If one wishes to change options, run
```
python synthetic.py preprocess --N <N> --Nref <Nref> --d <d> --spos <spos> --ypos_coef <ypos_coef> --start <start_seed> --end <end_seed> --n_parallel <n_parallel>
```

### 1.2. Sampling
To sample from the generated data with each method, run
```
python synthetic.py sampling
```

If one wishes to change options, run
```
python synthetic.py sampling --N <N> --Nsample <Nsample> --spos <sampled_spos> --n_slice <n_slice> --eps <eps> --start <start_seed> --end <end_seed>
```

If you do not want to fix the number of slices, set "n_slice" to -1.

### 1.3. Evaluate
To evaluate the results from each sampling method, run
```
python synthetic.py evaluate
```

If one wishes to change options, run
```
python synthetic.py evaluate --significance <significance> --start <start_seed> --end <end_seed> --n_parallel <n_parallel>
```

### 1.4. See Results

To see the results, check `plot_result.ipynb`.


## 2. COMPAS
The following values may be optionally specified.

```
--Nref: Number of data in Data Set D' (default: 1278)
--Nsample: Number of data in Data Set Z (default: 1000)
--n_parallel: Number of parallel jobs to run (default: -1 for all available cores)
--eps: Termination threshold (default: 1e-2)
--n_slice: The the number of fixed slices. (default: 10)
--start: Starting seed for data generation (default: 0)
--end: Ending seed for data generation (default: 100)
```

### 2.1 Preprocess
To generate compas data in experiments, run
```
python compas.py preprocess
```

If one wishes to change options, run
```
python compas.py preprocess --Nref <Nref> --start <start_seed> --end <end_seed> --n_parallel <n_parallel>
```

### 2.2. Sampling
To sample from the generated data with each method, run
```
python compas.py sampling
```

If one wishes to change options, run
```
python compas.py sampling --Nsample <Nsample> --n_slice <n_slice> --eps <eps> --num_clusters <num_clusters> --max_depth <max_depth> --start <start_seed> --end <end_seed>
```

If you do not want to fix the number of slices, set "n_slice" to -1.

### 2.3. Evaluate
To evaluate the results from each sampling method, run
```
python compas.py evaluate
```

If one wishes to change options, run
```
python compas.py evaluate --Nsample <Nsample> --start <start_seed> --end <end_seed> --n_parallel <n_parallel>
```

### 2.4. See Results

To see the results, check `plot_result.ipynb`.


## 3. Adult
The following values may optionally be specified.

```
--Ntr: Number of data in train data (default: 10000)
--Nte: Number of data in test data (default: 20000)
--Nsample: Number of data in Data Set Z (default: 2000)
--n_parallel: Number of parallel jobs to run (default: -1 for all available cores)
--eps: Termination threshold (default: 1e-1)
--n_slice: The the number of fixed slices. (default: 10)
--start: Starting seed for data generation (default: 0)
--end: Ending seed for data generation (default: 100)
```

### 3.1 Preprocess
To generate adult data in experiments, run
```
python adult.py preprocess [model]
```

where type is one of {LogReg, Forest}, where LogReg denotes Logistic Regression, and Forest denotes Random Forest.
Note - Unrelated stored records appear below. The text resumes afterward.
(* Under the standing assumptions and definitions in the context, if $\mathbf{x}^r\in\Gamma$, then $\mathbf{x}^r\in\mathcal{F}(\mathbf{x}^r)$ and the interior of $\mathcal{F}(\mathbf{x}^r)$ is nonempty.
   Context: Problem: minimize $J(\mathbf{x})$ over $\mathbf{x}\in\Gamma\subset\mathbb{R}^n$, where (i) $J:\mathbb{R}^n\to\mathbb{R}^+$ is smooth and strictly convex; (ii) $\Gamma$ is connected and closed with piecewise smooth, non-self-intersecting boundary, and every point of $\Gamma$ lies in some $n$-dimensional convex polytope contained in $\Gamma$. Semi-convex decomposition: $\Gamma=\bigcap_{i=1}^N\Gamma_i$, $\Gamma_i=\{\mathbf{x}:\phi_i(\mathbf{x})\ge 0\}$, $\partial\Gamma_i=\{\mathbf{x}:\phi_i(\mathbf{x})=0\}$, where each $\phi_i:\mathbb{R}^n\to\mathbb{R}$ is continuous, piecewise smooth and semi-convex: there is a positive semidefinite $H_i^*$ such that $\mathbf{x}\mapsto\phi_i(\mathbf{x})+\frac12(\mathbf{x}-\mathbf{x}_0)^TH_i^*(\mathbf{x}-\mathbf{x}_0)$ is convex for every $\mathbf{x}_0$. One-sided directional derivative: $\partial_v\phi_i(\mathbf{x})=\lim_{a\to0^+}(\phi_i(\mathbf{x}+av)-\phi_i(\mathbf{x}))/a$. Sub-differential: $D\phi_i(\mathbf{x})=\{d\in\mathbb{R}^n: d\cdot v\le\partial_v\phi_i(\mathbf{x})\ \forall v\in\mathbb{R}^n\}$. It is assumed that: (1) $D\phi_i(\mathbf{x})\neq\{0\}$ for all $\mathbf{x}$; (2) $0\notin D\phi_i(\mathbf{x})$ if $\mathbf{x}\in\partial\Gamma_i$; (3) for any $\mathbf{x}$ with $I:=\{i:\phi_i(\mathbf{x})=0\}\ne\emptyset$ there is $v$ with $\partial_v\phi_i(\mathbf{x})<0$ for all $i\in I$. Optimal sub-gradients at a reference $\mathbf{x}^r$: a unit vector $v$ is a feasible search direction if for every $i$: $\phi_i(\mathbf{x}^r)>0$; or $\phi_i(\mathbf{x}^r)=0$ and some $d\in D\phi_i(\mathbf{x}^r)$ has $v\cdot d\ge0$; or $\phi_i(\mathbf{x}^r)<0$ and some $d\in D\phi_i(\mathbf{x}^r)$ has $v\cdot d>0$. Let $C(\mathbf{x}^r)$ be the set of these, and $v^*=\arg\min_{v\in C(\mathbf{x}^r)}\nabla J(\mathbf{x}^r)\cdot v$ (ties broken lexicographically). Let $DF_i=D\phi_i(\mathbf{x}^r)$ if $\phi_i(\mathbf{x}^r)>0$, $DF_i=\{d\in D\phi_i(\mathbf{x}^r):d\cdot v^*\ge0\}$ if $\phi_i(\mathbf{x}^r)=0$, $DF_i=\{d\in D\phi_i(\mathbf{x}^r):d\cdot v^*>0\}$ if $\phi_i(\mathbf{x}^r)<0$, and $\hat\nabla\phi_i(\mathbf{x}^r)=\arg\min_{d\in DF_i}\nabla J(\mathbf{x}^r)\cdot d/\|d\|$ (with $d/\|d\|:=0$ if $d=0$). Convex feasible set: $\mathcal{F}_i(\mathbf{x}^r)=\Gamma_i$ if $\phi_i$ is concave; $\mathcal{F}_i(\mathbf{x}^r)=\{\mathbf{x}:\phi_i(\mathbf{x}^r)+\hat\nabla\phi_i(\mathbf{x}^r)(\mathbf{x}-\mathbf{x}^r)\ge0\}$ if $\phi_i$ is convex; $\mathcal{F}_i(\mathbf{x}^r)=\{\mathbf{x}:\phi_i(\mathbf{x}^r)+\hat\nabla\phi_i(\mathbf{x}^r)(\mathbf{x}-\mathbf{x}^r)\ge\frac12(\mathbf{x}-\mathbf{x}^r)^TH_i^*(\mathbf{x}-\mathbf{x}^r)\}$ otherwise; $\mathcal{F}(\mathbf{x}^r)=\bigcap_{i=1}^N\mathcal{F}_i(\mathbf{x}^r)$. *)

theory Defs
  imports "HOL-Analysis.Analysis"
begin

text \<open>Smooth (C-infinity) real functions: everywhere differentiable, and all
  directional derivatives are again smooth (greatest fixed point).\<close>
coinductive smooth_fun :: "('a::euclidean_space \<Rightarrow> real) \<Rightarrow> bool" where
  "\<lbrakk>continuous_on UNIV f; \<forall>x. f differentiable (at x);
    \<forall>v. smooth_fun (\<lambda>x. frechet_derivative f (at x) v)\<rbrakk> \<Longrightarrow> smooth_fun f"

definition piecewise_smooth :: "('a::euclidean_space \<Rightarrow> real) \<Rightarrow> bool" where
  "piecewise_smooth f \<longleftrightarrow> continuous_on UNIV f \<and>
     (\<exists>G. finite G \<and> G \<noteq> {} \<and> (\<forall>g\<in>G. smooth_fun g) \<and> (\<forall>x. \<exists>g\<in>G. f x = g x))"

definition strictly_convex_on :: "'a::real_vector set \<Rightarrow> ('a \<Rightarrow> real) \<Rightarrow> bool" where
  "strictly_convex_on S f \<longleftrightarrow> convex S \<and> (\<forall>x\<in>S. \<forall>y\<in>S. \<forall>t::real. x \<noteq> y \<and> 0 < t \<and> t < 1 \<longrightarrow>
      f ((1 - t) *\<^sub>R x + t *\<^sub>R y) < (1 - t) * f x + t * f y)"

definition psd :: "real^'n^'n \<Rightarrow> bool" where
  "psd H \<longleftrightarrow> transpose H = H \<and> (\<forall>y. 0 \<le> y \<bullet> (H *v y))"

definition semi_convex_wrt :: "(real^'n \<Rightarrow> real) \<Rightarrow> real^'n^'n \<Rightarrow> bool" where
  "semi_convex_wrt phi H \<longleftrightarrow> psd H \<and>
     (\<forall>x0. convex_on UNIV (\<lambda>x. phi x + 1/2 * ((x - x0) \<bullet> (H *v (x - x0)))))"

definition dir_deriv :: "('a::real_normed_vector \<Rightarrow> real) \<Rightarrow> 'a \<Rightarrow> 'a \<Rightarrow> real" where
  "dir_deriv phi x v = Lim (at_right (0::real)) (\<lambda>a. (phi (x + a *\<^sub>R v) - phi x) / a)"

definition subdiff :: "('a::real_inner \<Rightarrow> real) \<Rightarrow> 'a \<Rightarrow> 'a set" where
  "subdiff phi x = {d. \<forall>v. d \<bullet> v \<le> dir_deriv phi x v}"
If one wishes to change options, run
```
python adult.py preprocess [model] --Ntr <Ntr> --Nte <Nte> model <model> --start <start_seed> --end <end_seed> --n_parallel <n_parallel>
```

### 3.2. Sampling
To sample from the generated data with each method, run
```
python adult.py sampling [model]
```

where type is one of {LogReg, Forest}, where LogReg denotes Logistic Regression, and Forest denotes Random Forest.

If one wishes to change options, run
```
python adult.py sampling [model] --Nsample <Nsample> model <model> --n_slice <n_slice> --eps <eps> --num_clusters <num_clusters> --max_depth <max_depth> --start <start_seed> --end <end_seed>
```

If you do not want to fix the number of slices, set "n_slice" to -1.

### 3.3. Evaluate
To evaluate the results from each sampling method, run
```
python adult.py evaluate [model]
```

where type is one of {LogReg, Forest}, where LogReg denotes Logistic Regression, and Forest denotes Random Forest.

If one wishes to change options, run
```
python adlut.py evaluate [model] --Nsample <Nsample> model <model> --start <start_seed> --end <end_seed> --n_parallel <n_parallel>
```

### 3.4. See Results

To see the results, check `plot_result.ipynb`.